Leaders target minorities 
The intention to control or reduce ethnic minorities, especially Negroes, can be seen in writings by some leaders in the eugenics movement:

In an 1893 "open letter" published in the Virginia Medical Monthly, Hunter Holmes McGuire, a Richmond physician and president of the American Medical Association, asked for "some scientific explanation of the sexual perversion in the Negro of the present day." McGuire's correspondent, Chicago physician G. Frank Lydston, replied that African-American men raped white women because of "[h]ereditary influences descending from the uncivilized ancestors of our Negroes." Lydston suggested as a solution to perform surgical castration, which "prevents the criminal from perpetuating his kind.

In 1935, a decade after the passage of Virginia's eugenics laws, Plecker wrote to Walter Gross, director of Nazi Germany's Bureau of Human Betterment and Eugenics. Plecker described Virginia's racial purity laws and requested to be put on Gross' mailing list. Plecker commented upon the Third Reich's sterilization of 600 children in the Rhineland (the so-called Rhineland Bastards, who were born of German women by Black French Colonial fathers): "I hope this work is complete and not one has been missed.  I sometimes regret that we have not the authority to put some measures in practice in Virginia."

Despite lacking the statutory authority to sterilize Black, mulatto and American Indian children simply because they were "colored", a small number of Virginia eugenicists in key positions found other ways to achieve that goal. The Sterilization Act gave State institutions, including hospitals, psychiatric institutions and prisons, the statutory authority to sterilize persons deemed to be "feebleminded" — a highly subjective criterion.

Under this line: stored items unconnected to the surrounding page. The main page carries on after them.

(* Let $(\mathbb{X},d,\mu)$ be a proper metric measure space satisfying the $\delta$-annular decay property for some $\delta\in(0,1]$ with constant $D_\delta\geq1$. Let $\varrho$ be a continuous admissible radius function in a bounded domain $\Omega\subset\mathbb{X}$. Then there is a constant $C=C(D_\delta,\mu)>0$ such that for every $u\in L^\infty(\Omega)$, every compact $K\subset\Omega$, all $x,y\in K$ and every $n\in\mathbb{N}$, $$|\mathcal{M}^nu(x)-\mathcal{M}^nu(y)|\leq\|u\|_\infty\,\mathcal{W}_{\mu,K}(d(x,y)),\qquad \mathcal{W}_{\mu,K}(t)=C\,\varrho_K^{-\delta}\left(\widehat\omega_\varrho(t)\right)^\delta,\ t\in[0,\mathrm{diam}\,\Omega].$$ In particular, the sequence $\{\mathcal{M}^nu\}_n$ is locally uniformly equicontinuous in $\Omega$.
   Context: A metric space is proper if closed bounded sets are compact. A metric measure space $(\mathbb{X},d,\mu)$ is a metric space with a positive Borel regular measure $\mu$ with $0<\mu(B)<\infty$ for every ball $B$. It satisfies the $\delta$-annular decay property if there is $D_\delta\geq1$ with $\mu(B(x,R)\setminus B(x,r))\leq D_\delta\left(\frac{R-r}{R}\right)^\delta\mu(B(x,R))$ for all $x$, $0<r\leq R$. An admissible radius function in $\Omega$ is $\varrho\in C(\overline\Omega)$, $\varrho\ge0$, with $0<\varrho(x)\leq\mathrm{dist}(x,\partial\Omega)$ for $x\in\Omega$ and $\varrho=0$ exactly on $\partial\Omega$. $\varrho_K=\inf_K\varrho$. $B_x=\overline{B}(x,\varrho(x))$, $\mathcal{M}u(x)=\frac{1}{\mu(B_x)}\int_{B_x}u\,d\mu$, $\mathcal{M}^n$ its $n$-th iterate. A modulus of continuity is a nondecreasing continuous $\omega:[0,\mathrm{diam}\,\Omega]\to[0,\infty)$ with $\omega(0)=0$. Fix a concave modulus of continuity $\omega_{\varrho,\Omega}$ for $\varrho$ on $\Omega$ (i.e. $|\varrho(x)-\varrho(y)|\le\omega_{\varrho,\Omega}(d(x,y))$) with $\omega_{\varrho,\Omega}(\mathrm{diam}\,\Omega)\le\mathrm{diam}\,\Omega$. Define $\widehat\omega_\varrho(t)=t$ if $\omega_{\varrho,\Omega}(t)\le t$ for all $t\in[0,\mathrm{diam}\,\Omega]$, and otherwise $\widehat\omega_\varrho(t)=\frac{\mathrm{diam}\,\Omega}{\omega_{\varrho,\Omega}(\mathrm{diam}\,\Omega)}\,\omega_{\varrho,\Omega}(t)$. A sequence is locally uniformly equicontinuous in $\Omega$ if it is uniformly equicontinuous on each compact $K\subset\Omega$. *)

theory Defs
  imports "HOL-Analysis.Analysis" "HOL-Probability.Essential_Supremum"
begin

definition proper_space :: "'a::metric_space itself \<Rightarrow> bool" where
  "proper_space _ \<longleftrightarrow> (\<forall>S::'a set. closed S \<and> bounded S \<longrightarrow> compact S)"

Dr. Joseph DeJarnette, director of the Western State Hospital in Staunton, Virginia, was a leading advocate of eugenics. DeJarnette was unsatisfied with the pace of America's eugenics sterilization programs.  In 1938, he wrote:

Germany in six years has sterilized about 80,000 of her unfit while the United States — with approximately twice the population — has only sterilized about 27,869 in the past 20 years. ... The fact that there are 12,000,000 defectives in the U.S. should arouse our best endeavors to push this procedure to the maximum ... The Germans are beating us at our own game.

By "12 million defectives" (a tenth of the population), DeJarnette was almost certainly referring to ethnic minorities, as there have never been 12 million mental patients in the United States.

According to historian Gregory M. Dorr, the University of Virginia School of Medicine (UVA) became "an epicenter of eugenical thought" that was "closely linked with the national movement." One of UVA's leading eugenicists, Harvey Ernest Jordan, Ph.D. was promoted to dean of medicine in 1939 and served until 1949. He was in a position to shape the opinion and practice of Virginia physicians for several decades. This excerpt from a 1934 UVA student paper indicates one student's thoughts: "In Germany, Hitler has decreed that about 400,000 persons be sterilized. This is a great step in eliminating the racial deficients."

The racial effects of the program in Virginia can be seen by the disproportionately high number of Black and American Indian women who were given forced sterilizations after coming to a hospital for other reasons, such as childbirth.  Doctors sometimes sterilized the women without their knowledge or consent in the course of other surgery.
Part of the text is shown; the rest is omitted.